It was the end of Godzilla. Again.
For the third time, Toho’s series of Godzilla had come to an end, this time with the release of Godzilla: Final Wars. But that didn’t change the fact that there were a lot of people out there who still loved giant monster movies.
So, in that decade before the release of the second American Godzilla, there was a wave of more or less independent Kaiju Eiga films, many of them parodies or homages, including such efforts as Big Man Japan (2007), The Return of Monster X: Attack the G8 Summit (2008), Reigo, the Deep-Sea Monster vs. the Battleship Yamato (2005), Raiga: The Monster from the Deep Sea (2009), the CGI short, Negadon: the Monster from Mars (2005), and, of course, this film.
It starts in a very familiar way (and there are a lot of references to past Kaiju Eiga films): the engine on a fishing boat far out at sea falters, and when the crew tries to find out what is wrong, they find that their propeller is snarled up in…hair!
Which is when Gehara rises from the sea and destroys their boat.

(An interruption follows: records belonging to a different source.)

lemma trilinear_vmul1:
  "trilinear s (vmul A u) v w = trilinear (\<lambda>i j k. \<Sum>l\<in>UNIV. A$i$l * s l j k) u v w"
proof -
  have "trilinear s (vmul A u) v w =
      (\<Sum>l\<in>UNIV. \<Sum>j\<in>UNIV. \<Sum>k\<in>UNIV. \<Sum>i\<in>UNIV. A$i$l * s l j k * u$i * v$j * w$k)"
    by (simp add: trilinear_def vmul_nth sum_distrib_left sum_distrib_right mult_ac)
  also have "\<dots> = (\<Sum>l\<in>UNIV. \<Sum>i\<in>UNIV. \<Sum>j\<in>UNIV. \<Sum>k\<in>UNIV. A$i$l * s l j k * u$i * v$j * w$k)"
    by (rule sum.cong[OF refl], rule sum_rotate3)
  also have "\<dots> = (\<Sum>i\<in>UNIV. \<Sum>l\<in>UNIV. \<Sum>j\<in>UNIV. \<Sum>k\<in>UNIV. A$i$l * s l j k * u$i * v$j * w$k)"
    by (rule sum.swap)
  also have "\<dots> = (\<Sum>i\<in>UNIV. \<Sum>j\<in>UNIV. \<Sum>k\<in>UNIV. \<Sum>l\<in>UNIV. A$i$l * s l j k * u$i * v$j * w$k)"
    by (rule sum.cong[OF refl], rule sum_rotate3[symmetric])
  also have "\<dots> = trilinear (\<lambda>i j k. \<Sum>l\<in>UNIV. A$i$l * s l j k) u v w"
    by (simp add: trilinear_def sum_distrib_right)
  finally show ?thesis .
qed

lemma trilinear_vmul2:
  "trilinear s u (vmul A v) w = trilinear (\<lambda>i j k. \<Sum>l\<in>UNIV. A$j$l * s i l k) u v w"
  using trilinear_vmul1[of "\<lambda>i j k. s j i k" A v u w]
  by (simp only: trilinear_swap12[of s] trilinear_swap12[of "\<lambda>i j k. \<Sum>l\<in>UNIV. A$i$l * s j l k"])

lemma trilinear_change_basis:
  fixes M :: "real^'m^'n"
  shows "trilinear s (M *v a) (M *v b) (M *v d) =
    trilinear (\<lambda>i j k. trilinear s (column i M) (column j M) (column k M)) a b d"
  by (simp add: matrix_mult_sum scalar_mult_eq_scaleR trilinear_sum trilinear_scaleR
      trilinear_def[of "\<lambda>i j k. trilinear s (column i M) (column j M) (column k M)"]
      sum_distrib_left mult_ac)
    (subst sum_rotate3, rule sum.cong[OF refl], rule sum.swap)

lemma trilinear_axis_tensor:
  "trilinear (\<lambda>i j k. axis a 1 $ i * axis b 1 $ j * axis d 1 $ k) u v w = u$a * v$b * w$d"
proof -
  have "trilinear (\<lambda>i j k. axis a 1 $ i * axis b 1 $ j * axis d 1 $ k) u v w =
      (\<Sum>i\<in>UNIV. u$i * axis a 1 $ i) * (\<Sum>j\<in>UNIV. v$j * axis b 1 $ j) * (\<Sum>k\<in>UNIV. w$k * axis d 1 $ k)"
    by (simp add: trilinear_def sum_distrib_left sum_distrib_right mult_ac) (rule sum.swap)
  then show ?thesis by (simp only: sum_axis)
qed

section \<open>The Hesse condition for cubic forms\<close>

lemma deriv_cubic_at_0: "deriv (\<lambda>t::real. a + t * b + t^2 * c + t^3 * d) 0 = b"
  by (rule DERIV_imp_deriv) (auto intro!: derivative_eq_intros)

lemma deriv_quadratic_at_0: "deriv (\<lambda>t::real. a + t * b + t^2 * c) 0 = b"
  by (rule DERIV_imp_deriv) (auto intro!: derivative_eq_intros)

The beast then rises from the sea and attacks, while a young reporter realizes that it matches an old legend — but when he goes to a temple dedicated to that old god, he finds that Gehara has broken the seal they put on him and escaped.
This is a stunning little film. It was made for TV and, while it may not have had a huge budget, it looks as good as the films it is copying. Their creature is unique and familiar at the same time — and it is actually quite impressive. The battle scenes are as well, and we even get a bittersweet moment reminiscent of the ending of Rodan when the Self Defense Force defeats the monster.
Which is when Gehara switches to parody, with a scene reminiscent of 1965’s Monster Zero, and a trailer for an imaginary sequel.
All in all a brilliant effort: it looks great, it offers a comfortable blend of the familiar with the new and surprising, and there is enough creativity on display here for not just one short film, but a whole series of movies. I particularly love the aliens who make an appearance at the end, with their silver clothing and matching skin, their bald heads, and these marvelously squeaky and silly cartoon voices.
For those of us who could never get enough giant monster movies, this film is a treat. About the only thing I can complain about is that it is short. But then, that is part of its charm, as well. It doesn’t have long enough to stick around too long.
So, if you love Godzilla, Gamera and Mothra, this is a film you need to see.
It’s worth the effort it takes to find it.